My whole life I have felt fat. I am actually a normal weight, but I don’t feel like it. I have always felt bigger than my friends and been embarrassed about my weight. But when I look at pictures, I look pretty normal. Why can’t I see myself the way others see me?
– Obsessed in Ohio
Most compulsive eaters suffer from “fat-head.” (I think I just made up that term, but it’s apt, don’t you think?)

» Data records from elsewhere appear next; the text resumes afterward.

lemma R_mult_left: "R (a * a') b = \<phi>0 a * R a' b + R a b * \<phi>0 a'"
proof -
  have "\<sigma> (lift (a * a')) (lift b) = lift a * \<sigma> (lift a') (lift b) + \<sigma> (lift a) (lift b) * lift a'"
    by (simp add: \<phi>0_mult poisson_bracket_leibniz_left[OF \<sigma>_bracket, symmetric])
  moreover have "\<pi> (fps_const (a * a')) (fps_const b)
      = fps_const a * \<pi> (fps_const a') (fps_const b) + \<pi> (fps_const a) (fps_const b) * fps_const a'"
    by (simp add: poisson_bracket_leibniz_left[OF \<pi>_bracket, symmetric])
  ultimately show ?thesis
    using deviation_top[of "a * a'" b] deviation_top[of a' b] deviation_top[of a b]
    by (simp add: \<phi>0_mult additive.add[OF \<phi>0_additive] algebra_simps)
qed

lemma R_mult_right: "R b (a * a') = \<phi>0 a * R b a' + R b a * \<phi>0 a'"
  using R_mult_left[of a a' b] R_antisym[of b] by (simp add: algebra_simps)

lemma CE_der_2cochain: "CE_der_2cochain sa sb \<phi>0 R"
  unfolding CE_der_2cochain_def
  using R_bilinear R_antisym R_mult_left R_mult_right by blast

lemma nested_bracket_term:
  assumes "n \<le> K"
  shows "\<sigma> (lift a) (fps_const (\<sigma> (lift b) (lift d) $ n)) $ (K - n)
    = \<phi>0 (\<pi> (fps_const a) (fps_const (\<pi> (fps_const b) (fps_const d) $ n)) $ (K - n))
      + (if n = 0 then R a (\<pi>0 b d) else 0) + (if n = K then \<sigma>0 (\<phi>0 a) (R b d) else 0)"
proof (cases "n < K")
  case True
  then have "\<sigma> (lift b) (lift d) $ n = \<phi>0 (\<pi> (fps_const b) (fps_const d) $ n)"
    by (rule deviation_below)
  with True K_pos show ?thesis
    by (cases "n = 0") (simp_all add: deviation_top deviation_below \<pi>_nth_0)
next
  case False
  with assms have "n = K"
    by simp
  have "fps_const (\<sigma> (lift b) (lift d) $ K)
      = fps_const (\<phi>0 (\<pi> (fps_const b) (fps_const d) $ K)) + fps_const (R b d)"
    by (simp add: deviation_top)
  with \<open>n = K\<close> K_pos show ?thesis
    by (simp add: poisson_bracket_add_right[OF \<sigma>_bracket] deviation_below
        \<sigma>_nth_0[of _ "fps_const (R b d)"] del: fps_const_add)
qed

lemma nested_bracket_nth:
  "\<sigma> (lift a) (\<sigma> (lift b) (lift d)) $ K
    = \<phi>0 (\<pi> (fps_const a) (\<pi> (fps_const b) (fps_const d)) $ K) + R a (\<pi>0 b d) + \<sigma>0 (\<phi>0 a) (R b d)"
proof -
  let ?\<pi>_term = "\<lambda>n. \<pi> (fps_const a) (fps_const (\<pi> (fps_const b) (fps_const d) $ n)) $ (K - n)"
  have "\<sigma> (lift a) (\<sigma> (lift b) (lift d)) $ K
      = (\<Sum>n\<le>K. \<sigma> (lift a) (fps_const (\<sigma> (lift b) (lift d) $ n)) $ (K - n))"
    by (rule fps_nth_additive_expansion[OF poisson_bracket_additive_right[OF \<sigma>_bracket]
          poisson_bracket_fps_X_power_right[OF \<sigma>_bracket module_B]])
  also have "\<dots> = (\<Sum>n\<le>K. \<phi>0 (?\<pi>_term n)
      + (if n = 0 then R a (\<pi>0 b d) else 0) + (if n = K then \<sigma>0 (\<phi>0 a) (R b d) else 0))"
    by (rule sum.cong) (simp_all add: nested_bracket_term)
  also have "\<dots> = \<phi>0 (\<Sum>n\<le>K. ?\<pi>_term n) + R a (\<pi>0 b d) + \<sigma>0 (\<phi>0 a) (R b d)"
    by (simp add: sum.distrib additive.sum[OF \<phi>0_additive])
  also have "(\<Sum>n\<le>K. ?\<pi>_term n) = \<pi> (fps_const a) (\<pi> (fps_const b) (fps_const d)) $ K"
    by (rule fps_nth_additive_expansion[symmetric, OF poisson_bracket_additive_right[OF \<pi>_bracket]
          poisson_bracket_fps_X_power_right[OF \<pi>_bracket module_A]])
  finally show ?thesis .
qed

lemma R_jacobi:
  "R a0 (\<pi>0 a1 a2) + \<sigma>0 (\<phi>0 a0) (R a1 a2) + R a1 (\<pi>0 a2 a0) + \<sigma>0 (\<phi>0 a1) (R a2 a0)
    + R a2 (\<pi>0 a0 a1) + \<sigma>0 (\<phi>0 a2) (R a0 a1) = 0"
proof -
  let ?A = "fps_const a0" and ?B = "fps_const a1" and ?C = "fps_const a2"
  have "0 = (\<sigma> (lift a0) (\<sigma> (lift a1) (lift a2)) + \<sigma> (lift a1) (\<sigma> (lift a2) (lift a0))
      + \<sigma> (lift a2) (\<sigma> (lift a0) (lift a1))) $ K"
    by (simp add: poisson_bracket_jacobi[OF \<sigma>_bracket])
  also have "\<dots> = \<phi>0 ((\<pi> ?A (\<pi> ?B ?C) + \<pi> ?B (\<pi> ?C ?A) + \<pi> ?C (\<pi> ?A ?B)) $ K)
      + (R a0 (\<pi>0 a1 a2) + \<sigma>0 (\<phi>0 a0) (R a1 a2) + R a1 (\<pi>0 a2 a0) + \<sigma>0 (\<phi>0 a1) (R a2 a0)
        + R a2 (\<pi>0 a0 a1) + \<sigma>0 (\<phi>0 a2) (R a0 a1))"
    by (simp add: nested_bracket_nth additive.add[OF \<phi>0_additive] algebra_simps)
  also have "\<pi> ?A (\<pi> ?B ?C) + \<pi> ?B (\<pi> ?C ?A) + \<pi> ?C (\<pi> ?A ?B) = 0"
    by (rule poisson_bracket_jacobi[OF \<pi>_bracket])
  finally show ?thesis
    by (simp add: additive.zero[OF \<phi>0_additive])
qed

I, too, look back at childhood pictures and see proof that I wasn’t as fat as I thought I was at the time. It’s really sad, actually. And I would go so far as to binge to kill the pain of “feeling fat.” How crazy is that?
This distorted body image is one of many symptoms of eating disorders. Also, as women, our bodies are sensitive and bloat more easily than the average person as well as being more susceptible to gaining weight. Oddly, those who are thin are often plagued the most, because they can feel every pound gained.
The solution? Healing the spirit within. –Tweet this!
I know, I’ve said it before, but really, going to the gym won’t heal the persistent feeling of feeling fat. Obsession with body size is like all other obsessions; it masks deeper pain and stress.
Here are two options:
- When obsessive thoughts plague you, go within. Seek calm through meditation and comfort from a higher power. I like to use the:
Affirmation: “God is in charge of my weight, and He’s doing a great job!” –Tweet this!
- I can also “go without,” turning my thoughts to something more meaningful than my thighs and butt, like helping a friend who may be having a hard time. Helping others always gets us out of our heads, which gives God time to heal us.